EVALUATE ADDCOLUMNS ( SUMMARIZE ( 'Internet Sales', Product[Color] ), "Sales", [Internet Total Sales], "SalesAllColors", CALCULATE ( [Internet Total Sales], ALL ( Product[Color] ) ) )
The advantage of this approach is that SUMMARIZE does not create the filter context by itself. In fact, SUMMARIZE performs only the grouping of the fact table, returning a table of Product[Color] rows. Then, ADDCOLUMNS evaluates the measures in a row context over the Product[Color] column only, and the inner ALL ( Product[Color] ) removes the filter from the color in the current row, producing the correct result.
It is worth to mention that the SUMMARIZE applies the filter on the source table. In fact, if you summarize the Product table, instead of the Internet Sales one, the calculation works in a more intuitive way.
For example, look at this query:
EVALUATE SUMMARIZE ( 'Internet Sales', Product[Color], "Sales", [Internet Total Sales], "SalesAllColors", CALCULATE ( [Internet Total Sales], ALL ( Product ) ) )
You can see that the two columns show identical values, exploiting the issue we are discussing about SUMMARIZE. But, if you change the source table to Product, instead of Internet Sales, as in:
EVALUATE SUMMARIZE ( Product, Product[Color], "Sales", [Internet Total Sales], "SalesAllColors", CALCULATE ( [Internet Total Sales], ALL ( Product ) ) )
When you use Internet Sales as the source table, SUMMARIZE applies the filter to the fact table, filtering all of its columns. Thus, removing the filter on Product does not modify the filter on the fact table. On the other hand, when you use Product as the source table, then SUMMARIZE applies the filter to the product table and ALL ( Product ) removes the filter from the right table, producing the expected result.
After reading this dissertation on SUMMARIZE, you might end considering never to use SUMMARIZE at all in your code, because it is a dangerous function. In fact, it is, but only if you do not understand its behaviour.
Let us recap briefly the various patterns where SUMMARIZE can be used, looking at some examples. The first safe pattern is a SUMMARIZE that does not add new columns:
SUMMARIZE ( ‘Internet Sales’, Product[Color] )
You can safely use this pattern to perform a GROUP BY of the table by any set of related columns. Keep in mind that, from the performance point of view, you can express the same result as:
FILTER ( ADDCOLUMNS ( VALUES ( Product[Color] ), "NumOfRows", CALCULATE ( COUNTROWS ( ‘Internet Sales’ ) ) ), [NumOfRows] > 0 )

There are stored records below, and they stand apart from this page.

definition Fmat :: "'i \<Rightarrow> 'i \<Rightarrow> 'i \<Rightarrow> 'i \<Rightarrow> real" where
  "Fmat a b = (\<lambda>i j. ((if i = a then 1 else 0) - (if i = b then 1 else 0)) *
                      ((if j = a then 1 else 0) - (if j = b then 1 else 0)))"

definition Fgain :: "('g,'b) monoid_scheme \<Rightarrow> 'v \<Rightarrow> 'v \<Rightarrow> 'g \<Rightarrow> 'g \<times> 'v \<Rightarrow> 'g \<times> 'v \<Rightarrow> real" where
  "Fgain Gm u v \<gamma> = (\<lambda>i j. \<Sum>\<alpha>\<in>carrier Gm. Fmat (\<alpha>, u) (\<alpha> \<otimes>\<^bsub>Gm\<^esub> \<gamma>, v) i j)"

definition frob :: "'i set \<Rightarrow> ('i \<Rightarrow> 'i \<Rightarrow> real) \<Rightarrow> ('i \<Rightarrow> 'i \<Rightarrow> real) \<Rightarrow> real" where
  "frob V A B = (\<Sum>i\<in>V. \<Sum>j\<in>V. A i j * B j i)"

definition inv_psd_laplacians :: "('g,'b) monoid_scheme \<Rightarrow> 'v set \<Rightarrow> ('g \<times> 'v \<Rightarrow> 'g \<times> 'v \<Rightarrow> real) set" where
  "inv_psd_laplacians Gm Vh = {L.
     (\<forall>i\<in>carrier Gm \<times> Vh. \<forall>j\<in>carrier Gm \<times> Vh. L i j = L j i) \<and>
     (\<forall>x. 0 \<le> (\<Sum>i\<in>carrier Gm \<times> Vh. \<Sum>j\<in>carrier Gm \<times> Vh. x i * L i j * x j)) \<and>
     (\<forall>i\<in>carrier Gm \<times> Vh. (\<Sum>j\<in>carrier Gm \<times> Vh. L i j) = 0) \<and>
     (\<forall>\<alpha>\<in>carrier Gm. \<forall>\<beta>\<in>carrier Gm. \<forall>\<gamma>\<in>carrier Gm. \<forall>u\<in>Vh. \<forall>v\<in>Vh.
        L (\<alpha>, u) (\<beta>, v) = L (\<gamma> \<otimes>\<^bsub>Gm\<^esub> \<alpha>, u) (\<gamma> \<otimes>\<^bsub>Gm\<^esub> \<beta>, v))}"

end

theory Submission
  imports Defs
begin

(* For a Gamma-invariant matrix X and a gain edge (u, v, gamma),
   <X, F_(u,v,gamma)> = |Gamma| * (X_aa + X_bb - 2 X_ab) for any lift {a, b} of that edge, so a
   feasible X prescribes the same squared bar lengths as P^T P on every bar of the lifted
   framework. Factoring the positive semidefinite X as the Gram matrix of a configuration q in
   R^|V| (Cholesky factorisation by successive Schur complements), universal rigidity of (G, p)
   gives equal squared distances for all pairs of joints; a symmetric matrix with zero row sums
   is determined by these squared distances, hence X = P^T P. *)

definition quad_form :: "'i set \<Rightarrow> ('i \<Rightarrow> 'i \<Rightarrow> real) \<Rightarrow> ('i \<Rightarrow> real) \<Rightarrow> real" where
  "quad_form V X x = (\<Sum>i\<in>V. \<Sum>j\<in>V. x i * X i j * x j)"

lemma quad_form_insert:
  fixes X :: "'i \<Rightarrow> 'i \<Rightarrow> real"
  assumes "finite V" and "a \<notin> V" and sym: "\<forall>i\<in>insert a V. \<forall>j\<in>insert a V. X i j = X j i"
  shows "quad_form (insert a V) X (x(a := t))
     = t * t * X a a + 2 * t * (\<Sum>j\<in>V. X a j * x j) + quad_form V X x"
proof -
  have row: "(\<Sum>j\<in>V. (x(a := t)) a * X a j * (x(a := t)) j) = t * (\<Sum>j\<in>V. X a j * x j)"
    unfolding sum_distrib_left by (rule sum.cong) (use assms(2) in auto)
  have col: "(\<Sum>i\<in>V. (x(a := t)) i * X i a * (x(a := t)) a) = t * (\<Sum>j\<in>V. X a j * x j)"
    unfolding sum_distrib_left
  proof (rule sum.cong)
    fix i assume "i \<in> V"
    moreover have "X i a = X a i" using sym \<open>i \<in> V\<close> by blast
    ultimately show "(x(a := t)) i * X i a * (x(a := t)) a = t * (X a i * x i)"
      using assms(2) by auto
  qed simp
  have rest: "(\<Sum>i\<in>V. \<Sum>j\<in>V. (x(a := t)) i * X i j * (x(a := t)) j) = quad_form V X x"
    unfolding quad_form_def by (intro sum.cong) (use assms(2) in auto)
  show ?thesis
    using assms(1,2) row col rest
    by (simp add: quad_form_def sum.distrib del: fun_upd_apply) (simp add: algebra_simps)
qed

lemma psd_diag_nonneg:
  fixes X :: "'i \<Rightarrow> 'i \<Rightarrow> real"
  assumes "finite V" "a \<in> V" and "\<forall>x. 0 \<le> quad_form V X x"
  shows "0 \<le> X a a"
  using assms(3)[rule_format, of "\<lambda>i. if i = a then 1 else 0"] assms(1,2)
  by (simp add: quad_form_def if_distrib[of "\<lambda>z. z * _"] if_distrib[of "\<lambda>z. _ * z"] sum.delta
      cong: if_cong)

lemma psd_row_zero_if_diag_zero:
  fixes X :: "'i \<Rightarrow> 'i \<Rightarrow> real"
  assumes "finite V" "a \<notin> V" "\<forall>i\<in>insert a V. \<forall>j\<in>insert a V. X i j = X j i"
    and psd: "\<forall>x. 0 \<le> quad_form (insert a V) X x" and "X a a = 0" and "j \<in> V"
  shows "X a j = 0"
proof (rule ccontr)
  assume "X a j \<noteq> 0"
  define e where "e i = (if i = j then 1 else 0 :: real)" for i
  have "(\<Sum>k\<in>V. X a k * e k) = X a j" "quad_form V X e = X j j"
    using assms(1,6)
    by (simp_all add: e_def quad_form_def if_distrib[of "\<lambda>z. z * _"] if_distrib[of "\<lambda>z. _ * z"]
        sum.delta cong: if_cong)
  then have "0 \<le> 2 * t * X a j + X j j" for t
    using psd[rule_format, of "e(a := t)"] quad_form_insert[OF assms(1-3)] \<open>X a a = 0\<close> by simp
  from this[of "- (X j j + 1) / (2 * X a j)"] \<open>X a j \<noteq> 0\<close> show False
    by (simp add: field_simps)
qed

Depending on data distribution and number of rows in each table, one of the two expression might outperform the other one, and we suggest you to perform some test before choosing the one which works better in your model.
The following pattern, on the other hand, is a very dangerous one:
SUMMARIZE ( ‘Internet Sales’, Product[Color], "Sales", [Internet Total Sales], )
We explained the reasons in this article: because of the complex way SUMMARIZE perform its filtering, the measure can return unexpected results if it relies on some inner CALCULATE.
The previous SUMMARIZE expression can be replaced with the following one:
ADDCOLUMNS ( VALUES ( Product[Color] ), "Sales", [Internet Total Sales], )
This formula is not only safer, generally it is much faster. If you need to get rid of empty values, as SUMMARIZE does, you can surround the expression with an outer FILTER, as in:
FILTER ( ADDCOLUMNS ( VALUES ( Product[Color] ), "Sales", [Internet Total Sales], ), [Sales] <> 0 )
There is a last scenario to consider: if you need to compute subtotals using the ROLLUP function, then SUMMARIZE is your only option. But, in this case, you can safely use SUMMARIZE by splitting its behaviour into two steps: first you determine the columns to filter, later you perform the actual summarization:
SUMMARIZE ( SUMMARIZE ( ‘Internet Sales’, Product[Color] ), ROLLUP ( Product[Color] ), "Sales", [Internet Total Sales] )
In this last example we used two different SUMMARIZE. You can safely replace the innermost SUMMARIZE with ADDCOLUMNS or with one of the FILTER pattern you have seen in the previous formulas.